### Task item:
Look over the entries and say how many lines include the word "that". Only the number, please.
------------------------------
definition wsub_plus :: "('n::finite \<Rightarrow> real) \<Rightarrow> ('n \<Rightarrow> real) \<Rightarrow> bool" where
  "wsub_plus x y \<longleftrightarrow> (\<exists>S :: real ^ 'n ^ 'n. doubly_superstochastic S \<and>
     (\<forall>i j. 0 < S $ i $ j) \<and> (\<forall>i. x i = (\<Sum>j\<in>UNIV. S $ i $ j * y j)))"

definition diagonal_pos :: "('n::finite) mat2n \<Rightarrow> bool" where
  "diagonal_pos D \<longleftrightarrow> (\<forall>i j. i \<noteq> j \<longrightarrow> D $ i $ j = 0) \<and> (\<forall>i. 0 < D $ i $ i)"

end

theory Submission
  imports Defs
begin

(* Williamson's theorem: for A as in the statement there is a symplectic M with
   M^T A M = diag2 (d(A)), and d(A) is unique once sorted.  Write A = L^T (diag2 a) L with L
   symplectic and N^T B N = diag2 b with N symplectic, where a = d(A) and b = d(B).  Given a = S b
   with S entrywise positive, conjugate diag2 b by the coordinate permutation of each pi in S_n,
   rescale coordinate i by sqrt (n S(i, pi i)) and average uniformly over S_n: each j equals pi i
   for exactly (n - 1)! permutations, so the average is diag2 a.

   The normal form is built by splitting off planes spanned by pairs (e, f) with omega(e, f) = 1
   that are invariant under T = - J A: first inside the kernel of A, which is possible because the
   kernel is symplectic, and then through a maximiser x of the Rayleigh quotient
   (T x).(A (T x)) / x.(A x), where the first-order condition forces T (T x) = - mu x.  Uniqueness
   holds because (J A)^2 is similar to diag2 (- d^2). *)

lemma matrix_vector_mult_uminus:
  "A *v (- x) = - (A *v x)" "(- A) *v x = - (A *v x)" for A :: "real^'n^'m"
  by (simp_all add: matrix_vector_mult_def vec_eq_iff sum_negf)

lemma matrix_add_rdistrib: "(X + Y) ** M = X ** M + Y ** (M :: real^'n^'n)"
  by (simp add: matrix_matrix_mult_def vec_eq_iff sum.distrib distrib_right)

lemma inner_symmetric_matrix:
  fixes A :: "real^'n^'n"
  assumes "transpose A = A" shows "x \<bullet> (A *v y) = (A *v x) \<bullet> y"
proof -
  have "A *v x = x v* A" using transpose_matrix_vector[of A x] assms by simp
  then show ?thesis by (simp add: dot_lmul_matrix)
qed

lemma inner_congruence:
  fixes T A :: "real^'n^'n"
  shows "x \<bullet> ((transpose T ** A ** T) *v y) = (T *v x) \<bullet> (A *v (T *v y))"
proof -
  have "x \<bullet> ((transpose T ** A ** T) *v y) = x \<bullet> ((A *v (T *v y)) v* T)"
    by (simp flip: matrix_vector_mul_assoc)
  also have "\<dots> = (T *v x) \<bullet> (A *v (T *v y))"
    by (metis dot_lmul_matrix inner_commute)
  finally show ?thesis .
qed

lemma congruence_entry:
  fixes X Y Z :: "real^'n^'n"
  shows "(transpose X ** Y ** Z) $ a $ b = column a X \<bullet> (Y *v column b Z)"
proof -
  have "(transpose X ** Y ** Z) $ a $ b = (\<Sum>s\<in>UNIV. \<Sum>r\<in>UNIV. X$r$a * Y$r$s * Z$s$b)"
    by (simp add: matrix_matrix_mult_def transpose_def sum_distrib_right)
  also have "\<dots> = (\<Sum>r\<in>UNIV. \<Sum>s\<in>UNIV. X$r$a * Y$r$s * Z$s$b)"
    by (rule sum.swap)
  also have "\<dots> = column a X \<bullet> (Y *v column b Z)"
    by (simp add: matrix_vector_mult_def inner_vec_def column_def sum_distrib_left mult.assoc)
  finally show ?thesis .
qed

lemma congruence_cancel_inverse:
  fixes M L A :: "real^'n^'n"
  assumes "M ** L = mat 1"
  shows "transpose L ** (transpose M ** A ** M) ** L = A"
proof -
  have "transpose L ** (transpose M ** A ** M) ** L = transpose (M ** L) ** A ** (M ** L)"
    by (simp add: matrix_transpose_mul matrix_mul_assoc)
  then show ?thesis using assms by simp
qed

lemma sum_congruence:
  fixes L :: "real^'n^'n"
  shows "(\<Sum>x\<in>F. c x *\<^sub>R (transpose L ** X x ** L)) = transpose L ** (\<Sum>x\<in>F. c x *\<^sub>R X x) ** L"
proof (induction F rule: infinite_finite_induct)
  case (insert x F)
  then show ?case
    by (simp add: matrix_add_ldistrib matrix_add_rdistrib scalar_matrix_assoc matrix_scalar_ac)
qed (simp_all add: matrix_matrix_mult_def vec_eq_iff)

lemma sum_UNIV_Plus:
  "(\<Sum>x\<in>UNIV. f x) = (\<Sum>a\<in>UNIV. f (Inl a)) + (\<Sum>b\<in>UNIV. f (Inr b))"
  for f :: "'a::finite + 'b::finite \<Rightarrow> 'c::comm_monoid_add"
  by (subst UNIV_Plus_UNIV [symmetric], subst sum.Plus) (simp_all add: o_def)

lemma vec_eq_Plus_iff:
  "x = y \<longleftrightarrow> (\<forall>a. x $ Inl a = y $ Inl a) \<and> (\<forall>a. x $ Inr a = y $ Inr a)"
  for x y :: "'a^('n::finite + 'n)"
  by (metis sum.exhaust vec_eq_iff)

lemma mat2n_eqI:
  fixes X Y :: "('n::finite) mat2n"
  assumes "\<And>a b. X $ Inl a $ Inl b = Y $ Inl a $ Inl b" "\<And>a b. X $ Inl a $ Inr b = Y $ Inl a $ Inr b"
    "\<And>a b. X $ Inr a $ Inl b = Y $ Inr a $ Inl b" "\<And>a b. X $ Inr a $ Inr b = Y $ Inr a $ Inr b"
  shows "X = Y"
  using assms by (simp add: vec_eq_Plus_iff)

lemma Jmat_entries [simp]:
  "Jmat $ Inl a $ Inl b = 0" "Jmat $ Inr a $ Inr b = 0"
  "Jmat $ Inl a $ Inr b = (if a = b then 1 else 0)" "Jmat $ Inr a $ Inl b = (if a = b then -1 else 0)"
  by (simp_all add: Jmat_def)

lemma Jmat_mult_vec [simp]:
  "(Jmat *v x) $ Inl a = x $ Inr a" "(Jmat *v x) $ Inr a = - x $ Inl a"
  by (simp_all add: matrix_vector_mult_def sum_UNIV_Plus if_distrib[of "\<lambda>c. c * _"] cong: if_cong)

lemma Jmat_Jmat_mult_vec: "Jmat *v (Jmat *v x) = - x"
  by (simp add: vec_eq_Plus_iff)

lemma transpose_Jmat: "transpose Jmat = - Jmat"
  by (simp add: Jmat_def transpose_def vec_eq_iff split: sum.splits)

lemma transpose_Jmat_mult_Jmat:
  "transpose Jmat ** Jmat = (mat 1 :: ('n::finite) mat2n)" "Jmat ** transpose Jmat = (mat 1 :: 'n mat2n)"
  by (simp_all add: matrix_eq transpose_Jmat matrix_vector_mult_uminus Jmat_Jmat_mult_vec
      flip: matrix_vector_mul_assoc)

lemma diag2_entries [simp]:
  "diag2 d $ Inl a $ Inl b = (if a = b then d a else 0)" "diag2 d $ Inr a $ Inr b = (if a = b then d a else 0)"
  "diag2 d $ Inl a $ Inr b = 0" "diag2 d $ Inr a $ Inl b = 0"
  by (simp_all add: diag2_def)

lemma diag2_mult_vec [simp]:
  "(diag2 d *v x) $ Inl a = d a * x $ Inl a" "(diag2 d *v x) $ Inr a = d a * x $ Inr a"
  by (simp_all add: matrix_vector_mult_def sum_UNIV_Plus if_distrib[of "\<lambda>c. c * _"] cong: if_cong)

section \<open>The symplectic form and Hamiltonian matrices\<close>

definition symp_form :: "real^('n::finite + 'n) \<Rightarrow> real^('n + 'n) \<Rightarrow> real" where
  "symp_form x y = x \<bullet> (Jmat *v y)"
------------------------------
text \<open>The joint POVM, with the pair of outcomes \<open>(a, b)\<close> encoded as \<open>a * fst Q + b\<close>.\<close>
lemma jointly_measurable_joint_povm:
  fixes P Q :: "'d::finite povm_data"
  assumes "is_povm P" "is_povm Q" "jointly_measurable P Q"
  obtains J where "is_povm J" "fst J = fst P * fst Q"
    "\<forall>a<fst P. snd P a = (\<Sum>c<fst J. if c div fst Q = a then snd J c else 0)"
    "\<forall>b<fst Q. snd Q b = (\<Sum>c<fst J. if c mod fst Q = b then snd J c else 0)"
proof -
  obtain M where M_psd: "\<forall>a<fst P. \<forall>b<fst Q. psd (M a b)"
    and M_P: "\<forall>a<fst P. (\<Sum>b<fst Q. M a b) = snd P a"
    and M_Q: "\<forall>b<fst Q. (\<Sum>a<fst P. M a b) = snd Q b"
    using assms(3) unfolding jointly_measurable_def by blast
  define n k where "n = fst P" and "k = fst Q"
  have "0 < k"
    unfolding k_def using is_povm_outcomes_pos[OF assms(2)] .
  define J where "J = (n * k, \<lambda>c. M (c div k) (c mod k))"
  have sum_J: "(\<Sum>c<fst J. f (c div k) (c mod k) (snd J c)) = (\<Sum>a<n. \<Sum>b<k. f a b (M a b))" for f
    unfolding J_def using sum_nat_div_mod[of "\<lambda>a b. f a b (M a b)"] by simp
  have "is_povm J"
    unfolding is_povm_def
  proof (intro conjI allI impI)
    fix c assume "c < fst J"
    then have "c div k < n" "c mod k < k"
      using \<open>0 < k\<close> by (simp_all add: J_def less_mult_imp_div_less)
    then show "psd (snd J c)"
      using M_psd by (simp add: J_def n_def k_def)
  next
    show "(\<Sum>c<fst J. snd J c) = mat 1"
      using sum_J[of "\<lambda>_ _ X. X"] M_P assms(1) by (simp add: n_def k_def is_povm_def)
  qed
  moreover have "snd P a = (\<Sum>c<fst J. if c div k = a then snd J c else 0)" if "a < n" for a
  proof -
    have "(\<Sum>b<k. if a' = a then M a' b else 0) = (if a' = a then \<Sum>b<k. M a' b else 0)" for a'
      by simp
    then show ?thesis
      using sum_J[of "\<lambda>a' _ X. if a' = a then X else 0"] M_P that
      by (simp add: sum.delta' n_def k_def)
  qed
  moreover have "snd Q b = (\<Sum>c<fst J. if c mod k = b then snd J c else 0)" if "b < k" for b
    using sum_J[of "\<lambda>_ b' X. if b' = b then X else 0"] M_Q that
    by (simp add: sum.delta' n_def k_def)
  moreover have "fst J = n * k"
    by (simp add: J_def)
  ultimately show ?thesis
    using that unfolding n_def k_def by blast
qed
------------------------------
### Answer to this task:
4